The GetSystemFaultState API retrieves information about inventory components on the system (physical components of the DataScale node) and what functional state they are in. In contrast with the GetSystemFaultLog API, which returns information about every fault that is diagnosed, this API returns information about every component on the system and what functional state it is in. The GetSystemFaultState API only returns an entry for a component if its state is not ONLINE. If the GetSystemFaultState API returns an empty list, all components on the system are in a healthy state.

Input

An object of type ResourceQuery.

Returns

This API returns a stream of objects of type SystemFaultState. Generally, users can treat a client-side-stream based API like an API that promises to return a list of indeterminate length. See the gRPC documentation on client-side stream handling for details.

/**
 * This data structure represents a single copmponent
 * The SystemFaultState returns a list of these
 */
message SystemFaultState {
    repeated string error_details = 1;  // Error details for errors that occurrred
                                        // during this query
    uint32 request_id = 2;              // The request ID provided by the caller
    string comp_name = 3;               // Name of the component this entry describes
    string serial_num = 4;              // Serial number of the component, if applicable
    string fault_state = 6;             // Functional state that this component is in
}

GetSystemFaultLog

Retrieve the system fault information from the SambaNova Fault Management (SNFM) framework.

Summary

The GetSystemFault API retrieves the system fault information from the SambaNova Fault Management (SNFM) framework. The SNFM framework captures telemetry about faults, errors, and the system’s physical and virtual inventory, and caches historical and current information for user consumption.
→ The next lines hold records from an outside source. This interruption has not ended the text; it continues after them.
lemma cd_mult_in_Q: "x \<in> Q n \<Longrightarrow> y \<in> Q n \<Longrightarrow> cd_mult x y \<in> Q n"
proof (induction n arbitrary: x y)
  case (Suc n)
  then obtain x' a y' b where "x = Pair x' a" "y = Pair y' b" "x' \<in> Q n" "y' \<in> Q n" by auto
  then show ?case using Suc.IH by (cases a; cases b) (auto simp: cd_neg_in_Q cd_conj_in_Q)
qed auto

lemma cd_mult_cancel:
  assumes "x \<in> Q n" "a \<in> Q n" "b \<in> Q n"
  shows "(cd_mult x a = cd_mult x b \<longrightarrow> a = b) \<and> (cd_mult a x = cd_mult b x \<longrightarrow> a = b)"
  using assms
proof (induction n arbitrary: x a b)
  case (Suc n)
  obtain x' c where x: "x = Pair x' c" "x' \<in> Q n" using Suc.prems by auto
  obtain a' d where a: "a = Pair a' d" "a' \<in> Q n" using Suc.prems by auto
  obtain b' e where b: "b = Pair b' e" "b' \<in> Q n" using Suc.prems by auto
  note IH = Suc.IH[OF x(2) a(2) b(2)]
    Suc.IH[OF x(2) cd_conj_in_Q[OF a(2)] cd_conj_in_Q[OF b(2)]]
    Suc.IH[OF cd_conj_in_Q[OF x(2)] a(2) b(2)]
  show ?case using x a b IH
    by (cases c; cases d; cases e) auto
qed auto


lemma Bij_mem: "f \<in> Bij S \<Longrightarrow> a \<in> S \<Longrightarrow> f a \<in> S"
  using Bij_imp_funcset by blast

lemma restrict_in_Bij:
  assumes "finite S" "h ` S \<subseteq> S" "inj_on h S"
  shows "restrict h S \<in> Bij S"
proof -
  have "h ` S = S" using endo_inj_surj[OF assms] .
  then have "bij_betw h S S" using assms(3) by (simp add: bij_betw_def)
  then show ?thesis unfolding Bij_def by (simp add: bij_betw_restrict_eq)
qed

lemma Lmap_in_Bij:
  assumes x: "x \<in> Q n"
  shows "Lmap n x \<in> Bij (Q n)"
  unfolding Lmap_def
proof (rule restrict_in_Bij[OF finite_Q])
  show "(\<lambda>a. cd_mult x a) ` Q n \<subseteq> Q n" using cd_mult_in_Q[OF x] by blast
  show "inj_on (\<lambda>a. cd_mult x a) (Q n)" using cd_mult_cancel[OF x] by (blast intro: inj_onI)
qed

lemma Rmap_in_Bij:
  assumes x: "x \<in> Q n"
  shows "Rmap n x \<in> Bij (Q n)"
  unfolding Rmap_def
proof (rule restrict_in_Bij[OF finite_Q])
  show "(\<lambda>a. cd_mult a x) ` Q n \<subseteq> Q n" using cd_mult_in_Q[OF _ x] by blast
  show "inj_on (\<lambda>a. cd_mult a x) (Q n)" using cd_mult_cancel[OF x] by (blast intro: inj_onI)
qed

lemma BijGroup_mult: "f \<in> Bij S \<Longrightarrow> g \<in> Bij S \<Longrightarrow> f \<otimes>\<^bsub>BijGroup S\<^esub> g = compose S f g"
  by (simp add: BijGroup_def)

lemma BijGroup_inv_apply:
  assumes "f \<in> Bij S" "a \<in> S"
  shows "(inv\<^bsub>BijGroup S\<^esub> f) (f a) = a" and "f ((inv\<^bsub>BijGroup S\<^esub> f) a) = a"
proof -
  have "bij_betw f S S" using assms(1) unfolding Bij_def by simp
  then show "(inv\<^bsub>BijGroup S\<^esub> f) (f a) = a" "f ((inv\<^bsub>BijGroup S\<^esub> f) a) = a"
    using assms by (auto simp: inv_BijGroup bij_betw_def f_inv_into_f inv_into_f_f Bij_mem)
qed

lemma BijGroup_pow: "f \<in> Bij S \<Longrightarrow> f [^]\<^bsub>BijGroup S\<^esub> (k::nat) = (\<lambda>x\<in>S. (f ^^ k) x)"
proof (induction k)
  case 0
  then show ?case by (simp add: BijGroup_def)
next
  case (Suc k)
  have "f \<in> carrier (BijGroup S)" using Suc.prems by (simp add: BijGroup_def)
  then have "f [^]\<^bsub>BijGroup S\<^esub> k \<in> Bij S"
    using monoid.nat_pow_closed[OF group.is_monoid[OF group_BijGroup]] by (simp add: BijGroup_def)
  then have "f [^]\<^bsub>BijGroup S\<^esub> Suc k = compose S (f [^]\<^bsub>BijGroup S\<^esub> k) f"
    using Suc.prems by (simp add: BijGroup_mult)
  also have "\<dots> = (\<lambda>x\<in>S. (f ^^ Suc k) x)"
    using Bij_mem[OF Suc.prems] Suc.IH[OF Suc.prems]
    by (auto simp: compose_def funpow_Suc_right simp del: funpow.simps intro!: restrict_ext)
  finally show ?case .
qed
The API returns all diagnosed faults that currently exist on this system, including active faults and faults that have been cleared by automatically by SambaNova Runtime or manually by a system administrator.

An hardware fault is different from a hardware event:

  • A fault means that the SNFM framework decided to diagnose a certain hardware component as faulty because some number of events occurred to it that made SNFM suspicious that something might be wrong with that hardware.
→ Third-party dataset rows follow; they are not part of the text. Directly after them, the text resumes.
(* Let $(X,\mathcal{A})$ be a resolvable design with $v$ points, $b$ blocks of size $k$, $r$ parallel classes and $b_r=b/r$ blocks per parallel class. Consider the coded caching system with $N$ files, $b$ caches each of size $M=Nk/v$ files, and $K=b$ users each having access to exactly one cache (user $j$ to the cache of block $A_j$), with the placement and delivery described in the context. If $N\geq K$ and the demands are distinct, the scheme achieves the worst-case rate $R=\frac{rk\binom{b_r}{2}}{v}$, and the number of users benefited in each transmission (the gain) is $2$.
   Context: A resolvable design $(X,\mathcal{A})$: $X$ a finite set of $v$ points, $\mathcal{A}$ a collection of $b$ blocks each of size $k$, partitioned into $r$ parallel classes, each being a set of $b_r=v/k$ pairwise disjoint blocks with union $X$. Placement: each file $W_i$ ($i\in[N]$, unit size) is split into $v$ equal subfiles $W_{i,x}$, $x\in X$; the cache of block $A_j$ stores $W_{i,x}$ for all $x\in A_j$ and all $i$. Delivery: user $m$ demands $W_{d_m}$. For each parallel class and each pair of distinct blocks $C_{i},C_{j}$ in it, let the users of these two caches be $m$ (cache $C_i$) and $m'$ (cache $C_j$); set $f_m=C_j=\{y_{m,1},\dots,y_{m,k}\}$ and $f_{m'}=C_i=\{y_{m',1},\dots,y_{m',k}\}$ (fixed orderings), and transmit $W_{d_m,y_{m,s}}\oplus W_{d_{m'},y_{m',s}}$ for each $s\in[k]$, each of size $1/v$ file. The rate is the total amount transmitted in units of files; a user is benefited by a transmission if it obtains a subfile of its demanded file from it. *)

theory Defs
  imports Complex_Main
begin

definition resolvable_design ::
  "'p set \<Rightarrow> (nat \<Rightarrow> 'p set) \<Rightarrow> nat \<Rightarrow> nat \<Rightarrow> nat \<Rightarrow> nat \<Rightarrow> (nat \<Rightarrow> nat) \<Rightarrow> bool" where
  "resolvable_design X A b k r br cls \<longleftrightarrow>
     finite X \<and>
     (\<forall>j<b. A j \<subseteq> X \<and> card (A j) = k) \<and>
     (\<forall>j<b. cls j < r) \<and>
     (\<forall>c<r. (\<Union>j\<in>{j. j < b \<and> cls j = c}. A j) = X
          \<and> (\<forall>i<b. \<forall>j<b. i \<noteq> j \<and> cls i = c \<and> cls j = c \<longrightarrow> A i \<inter> A j = {})
          \<and> card {j. j < b \<and> cls j = c} = br)"

text \<open>Subfile W_{i,x} is labelled (i, x). A transmission is the XOR of two subfiles,
  represented by the pair of their labels.\<close>
type_synonym 'p subfile = "nat \<times> 'p"
type_synonym 'p transmission = "'p subfile \<times> 'p subfile"

definition trans_idx :: "nat \<Rightarrow> (nat \<Rightarrow> nat) \<Rightarrow> nat \<Rightarrow> (nat \<times> nat \<times> nat) set" where
  "trans_idx b cls k = {(i, j, s). i < j \<and> j < b \<and> cls i = cls j \<and> s < k}"

text \<open>User i (cache A i) and user j (cache A j); f_i = A j, f_j = A i with fixed orderings
  ord j s, ord i s. Transmit W_{d i, ord j s} XOR W_{d j, ord i s}.\<close>
definition transmission ::
  "(nat \<Rightarrow> nat) \<Rightarrow> (nat \<Rightarrow> nat \<Rightarrow> 'p) \<Rightarrow> nat \<times> nat \<times> nat \<Rightarrow> 'p transmission" where
  "transmission d ord t = (case t of (i, j, s) \<Rightarrow> ((d i, ord j s), (d j, ord i s)))"

text \<open>Rate: total amount transmitted (each transmission has size 1/v file), in files.\<close>
definition delivery_rate :: "'p set \<Rightarrow> nat \<Rightarrow> (nat \<Rightarrow> nat) \<Rightarrow> nat \<Rightarrow> real" where
  "delivery_rate X b cls k = (\<Sum>t\<in>trans_idx b cls k. 1 / real (card X))"

definition distinct_demands :: "nat \<Rightarrow> nat \<Rightarrow> (nat \<Rightarrow> nat) set" where
  "distinct_demands N b = {d. (\<forall>u<b. d u < N) \<and> inj_on d {..<b}}"

text \<open>Worst-case rate over all distinct demand vectors (the number and sizes of the scheme's
  transmissions do not depend on the demand vector).\<close>
definition worst_case_rate :: "'p set \<Rightarrow> nat \<Rightarrow> nat \<Rightarrow> (nat \<Rightarrow> nat) \<Rightarrow> nat \<Rightarrow> real" where
  "worst_case_rate X N b cls k =
     (SUP d\<in>distinct_demands N b. delivery_rate X b cls k)"

text \<open>User u (cache A u, demand d u) obtains a subfile of its demanded file from transmission
  (e1, e2): one summand is a subfile of W_{d u} not in its cache, and the other summand is in
  its cache (the cache of A u stores W_{i,x} for all files i and x in A u).\<close>
definition benefits :: "(nat \<Rightarrow> 'p set) \<Rightarrow> (nat \<Rightarrow> nat) \<Rightarrow> nat \<Rightarrow> 'p transmission \<Rightarrow> bool" where
  "benefits A d u tr \<longleftrightarrow>
     (case tr of (e1, e2) \<Rightarrow>
        (fst e1 = d u \<and> snd e1 \<notin> A u \<and> snd e2 \<in> A u) \<or>
        (fst e2 = d u \<and> snd e2 \<notin> A u \<and> snd e1 \<in> A u))"

end

theory Submission
  imports Defs
begin

text \<open>Transmissions are indexed by a pair of distinct blocks of one parallel class together
  with a position s < k; counting the pairs class by class gives r (b_r choose 2) pairs, hence
  r k (b_r choose 2) transmissions of size 1/v each. In the transmission for blocks i < j, the
  user of cache i decodes the s-th point of block j because the other summand is the s-th point
  of its own block; since blocks of a class are disjoint and demands are distinct, exactly the
  two users i and j benefit. Every point outside block u lies in some other block of u's class,
  so every missing subfile of user u is delivered.\<close>

lemma card_ordered_pairs:
  fixes C :: "'a :: linorder set"
  assumes "finite C"
  shows "card {(i, j). i < j \<and> i \<in> C \<and> j \<in> C} = card C choose 2"
proof -
  have "bij_betw (\<lambda>(i, j). {i, j}) {(i, j). i < j \<and> i \<in> C \<and> j \<in> C} {S. S \<subseteq> C \<and> card S = 2}"
  proof (rule bij_betwI')
    fix p q assume "p \<in> {(i, j). i < j \<and> i \<in> C \<and> j \<in> C}" "q \<in> {(i, j). i < j \<and> i \<in> C \<and> j \<in> C}"
    then show "((case p of (i, j) \<Rightarrow> {i, j}) = (case q of (i, j) \<Rightarrow> {i, j})) = (p = q)"
      by (cases p; cases q) (auto simp: doubleton_eq_iff)
  next
    fix S assume "S \<in> {S. S \<subseteq> C \<and> card S = 2}"
    then obtain x y where S: "S = {x, y}" "x \<noteq> y" "S \<subseteq> C" by (auto simp: card_2_iff)
    show "\<exists>p\<in>{(i, j). i < j \<and> i \<in> C \<and> j \<in> C}. S = (case p of (i, j) \<Rightarrow> {i, j})"
    proof (cases "x < y")
      case True with S show ?thesis by (intro bexI[of _ "(x, y)"]) auto
    next
      case False with S show ?thesis by (intro bexI[of _ "(y, x)"]) auto
    qed
  qed auto
  then have "card {(i, j). i < j \<and> i \<in> C \<and> j \<in> C} = card {S. S \<subseteq> C \<and> card S = 2}"
    by (rule bij_betw_same_card)
  also have "\<dots> = card C choose 2"
    using n_subsets[OF assms] by simp
  finally show ?thesis .
qed

lemma resolvable_design_block_in_class:
  assumes "resolvable_design X A b k r br cls" and "u < b" and "x \<in> X"
  obtains j where "j < b" "cls j = cls u" "x \<in> A j"
proof -
  have "cls u < r" and "(\<Union>j\<in>{j. j < b \<and> cls j = cls u}. A j) = X"
    using assms unfolding resolvable_design_def by blast+
  with assms(3) that show thesis by blast
qed

lemma resolvable_design_class_disjoint:
  assumes "resolvable_design X A b k r br cls"
    and "i < b" "j < b" "i \<noteq> j" "cls i = cls j"
  shows "A i \<inter> A j = {}"
  using assms unfolding resolvable_design_def by blast

lemma resolvable_design_card_class_pairs:
  assumes design: "resolvable_design X A b k r br cls"
  shows "card {(i, j). i < j \<and> j < b \<and> cls i = cls j} = r * (br choose 2)"
proof -
  define class_blocks where "class_blocks c = {j. j < b \<and> cls j = c}" for c
  define class_pairs where
    "class_pairs c = {(i, j). i < j \<and> i \<in> class_blocks c \<and> j \<in> class_blocks c}" for c
  have classes: "\<forall>j<b. cls j < r" and class_size: "\<forall>c<r. card (class_blocks c) = br"
    using design unfolding resolvable_design_def class_blocks_def by blast+
  have finite_class_pairs: "finite (class_pairs c)" for c
    by (rule finite_subset[of _ "{..<b} \<times> {..<b}"]) (auto simp: class_pairs_def class_blocks_def)
  have "{(i, j). i < j \<and> j < b \<and> cls i = cls j} = (\<Union>c\<in>{..<r}. class_pairs c)"
    using classes by (auto simp: class_pairs_def class_blocks_def)
  also have "card \<dots> = (\<Sum>c<r. card (class_pairs c))"
    using finite_class_pairs by (intro card_UN_disjoint) (auto simp: class_pairs_def class_blocks_def)
  also have "\<dots> = (\<Sum>c<r. br choose 2)"
    using card_ordered_pairs[of "class_blocks _"] class_size
    by (intro sum.cong) (simp_all add: class_pairs_def class_blocks_def)
  finally show ?thesis by simp
qed

lemma resolvable_design_card_trans_idx:
  assumes "resolvable_design X A b k r br cls"
  shows "card (trans_idx b cls k) = r * k * (br choose 2)"
proof -
  let ?P = "{(i, j). i < j \<and> j < b \<and> cls i = cls j}"
  have "bij_betw (\<lambda>((i, j), s). (i, j, s)) (?P \<times> {..<k}) (trans_idx b cls k)"
    by (rule bij_betwI') (auto simp: trans_idx_def)
  then have "card (trans_idx b cls k) = card (?P \<times> {..<k})"
    by (simp add: bij_betw_same_card)
  then show ?thesis
    using resolvable_design_card_class_pairs[OF assms] by (simp add: card_cartesian_product)
qed

lemma delivery_rate_eq_card: "delivery_rate X b cls k = real (card (trans_idx b cls k)) / real (card X)"
  by (simp add: delivery_rate_def)

lemma distinct_demands_nonempty:
  assumes "b \<le> N"
  shows "distinct_demands N b \<noteq> {}"
proof -
  have "id \<in> distinct_demands N b"
    using assms by (simp add: distinct_demands_def)
  then show ?thesis by blast
qed

lemma worst_case_rate_eq_delivery_rate:
  assumes "b \<le> N"
  shows "worst_case_rate X N b cls k = delivery_rate X b cls k"
  using distinct_demands_nonempty[OF assms] by (simp add: worst_case_rate_def)

lemma transmission_delivers_missing_subfile:
  assumes design: "resolvable_design X A b k r br cls"
    and ord: "\<forall>j<b. bij_betw (ord j) {..<k} (A j)"
    and u: "u < b" and x: "x \<in> X - A u"
  shows "\<exists>t\<in>trans_idx b cls k.
          (case transmission d ord t of (e1, e2) \<Rightarrow>
             (e1 = (d u, x) \<and> snd e2 \<in> A u) \<or> (e2 = (d u, x) \<and> snd e1 \<in> A u))"
proof -
  obtain j where j: "j < b" "cls j = cls u" "x \<in> A j"
    using resolvable_design_block_in_class[OF design u] x by blast
  have "j \<noteq> u" using j x by auto
  obtain s where s: "s < k" "ord j s = x"
    using ord j by (metis bij_betw_iff_bijections lessThan_iff)
  have "ord u s \<in> A u"
    using ord u s(1) by (meson bij_betwE lessThan_iff)
  consider "u < j" | "j < u" using \<open>j \<noteq> u\<close> by linarith
  then show ?thesis
  proof cases
    case 1 with j s \<open>ord u s \<in> A u\<close> show ?thesis
      by (intro bexI[of _ "(u, j, s)"]) (auto simp: trans_idx_def transmission_def)
  next
    case 2 with j s u \<open>ord u s \<in> A u\<close> show ?thesis
      by (intro bexI[of _ "(j, u, s)"]) (auto simp: trans_idx_def transmission_def)
  qed
qed

lemma benefited_users_transmission:
  assumes design: "resolvable_design X A b k r br cls"
    and ord: "\<forall>j<b. bij_betw (ord j) {..<k} (A j)"
    and inj: "inj_on d {..<b}"
    and t: "(i, j, s) \<in> trans_idx b cls k"
  shows "{u. u < b \<and> benefits A d u (transmission d ord (i, j, s))} = {i, j}"
proof -
  have ij: "i < j" "j < b" "cls i = cls j" "s < k"
    using t by (auto simp: trans_idx_def)
  have "A i \<inter> A j = {}"
    using resolvable_design_class_disjoint[OF design] ij by simp
  moreover have "ord i s \<in> A i" "ord j s \<in> A j"
    using ord ij by (meson bij_betwE lessThan_iff order.strict_trans)+
  ultimately show ?thesis
    using ij by (auto simp: benefits_def transmission_def dest: inj_onD[OF inj])
qed

theorem theorem2:
  fixes X :: "'p set" and A :: "nat \<Rightarrow> 'p set" and b k r br N :: nat
    and cls :: "nat \<Rightarrow> nat" and ord :: "nat \<Rightarrow> nat \<Rightarrow> 'p" and d :: "nat \<Rightarrow> nat"
  assumes design: "resolvable_design X A b k r br cls"
    and ord: "\<forall>j<b. bij_betw (ord j) {..<k} (A j)"
    and NK: "N \<ge> b"
    and dem: "d \<in> distinct_demands N b"
  shows "delivery_rate X b cls k = real (r * k * (br choose 2)) / real (card X)
    \<and> worst_case_rate X N b cls k = real (r * k * (br choose 2)) / real (card X)
    \<and> (\<forall>u<b. \<forall>x\<in>X - A u. \<exists>t\<in>trans_idx b cls k.
          (case transmission d ord t of (e1, e2) \<Rightarrow>
             (e1 = (d u, x) \<and> snd e2 \<in> A u) \<or> (e2 = (d u, x) \<and> snd e1 \<in> A u)))
    \<and> (\<forall>t\<in>trans_idx b cls k. card {u. u < b \<and> benefits A d u (transmission d ord t)} = 2)"
proof -
  have rate: "delivery_rate X b cls k = real (r * k * (br choose 2)) / real (card X)"
    using resolvable_design_card_trans_idx[OF design] by (simp add: delivery_rate_eq_card)
  have inj: "inj_on d {..<b}"
    using dem by (simp add: distinct_demands_def)
  have "card {u. u < b \<and> benefits A d u (transmission d ord t)} = 2"
    if "t \<in> trans_idx b cls k" for t
  proof -
    obtain i j s where "t = (i, j, s)" by (cases t)
    with that benefited_users_transmission[OF design ord inj] show ?thesis
      by (auto simp: trans_idx_def)
  qed
  moreover have "worst_case_rate X N b cls k = real (r * k * (br choose 2)) / real (card X)"
    by (simp only: worst_case_rate_eq_delivery_rate[OF NK] rate)
  ultimately show ?thesis
    using rate transmission_delivers_missing_subfile[OF design ord] by blast
qed

end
  • An event is merely an event that occurred in hardware.

Input

An object of type SystemFaultLogQuery. This object is used for selecting which entries in the database are returned to the caller.

If you provide a default object (for example, if you create a Python SystemFaultLogQuery with the code SystemFaultLogQuery()) all entries are returned.

/**
 * A query object for the System Fault Log
 * Used for the caller to specify what kinds of entries should be returned
 */
message SystemFaultLogQuery {
    uint32 request_id = 1;      // The request ID, for caller's consumption
    uint64 start_timestamp = 2; // The starting timestamp of events to return.
                                // This is a UNIX timestamp, and all events from after this
                                // timestamp will be returned.
    uint64 end_timestamp = 3;   // The ending timestamp of events to return.
                                // This is a UNIX timestamp, and all events from before this
                                // timestamp will be returned.
    string fault_uuid = 4;      // A UUID identifying a specific error event. If this field
                                // is set, only that error is returned.
    string comp_name = 5;       // Component name for requesting only faults on
                                // a single component
    string fault_type = 6;      // Fault type if only a single fault type is of interest
    string fault_state = 7;     // Fault state of the component affected by this fault
    string err_uuid = 8;        // UUID of the error that caused this fault to be diagnosed
    string severity = 9;        // Severity of this fault CRITICAL, FATAL, etc.
    bool vrdu_database = 10;    // Set this flag to True if you want information about
                                // faults that occurred on vRDUs instead of physical RDUs
}

Returns

This API returns a stream of objects of type SystemFaultLog. Generally, users can treat a client-side-stream based API like an API that promises to return a list of indeterminate length. See the gRPC documentation on client-side stream handling for details.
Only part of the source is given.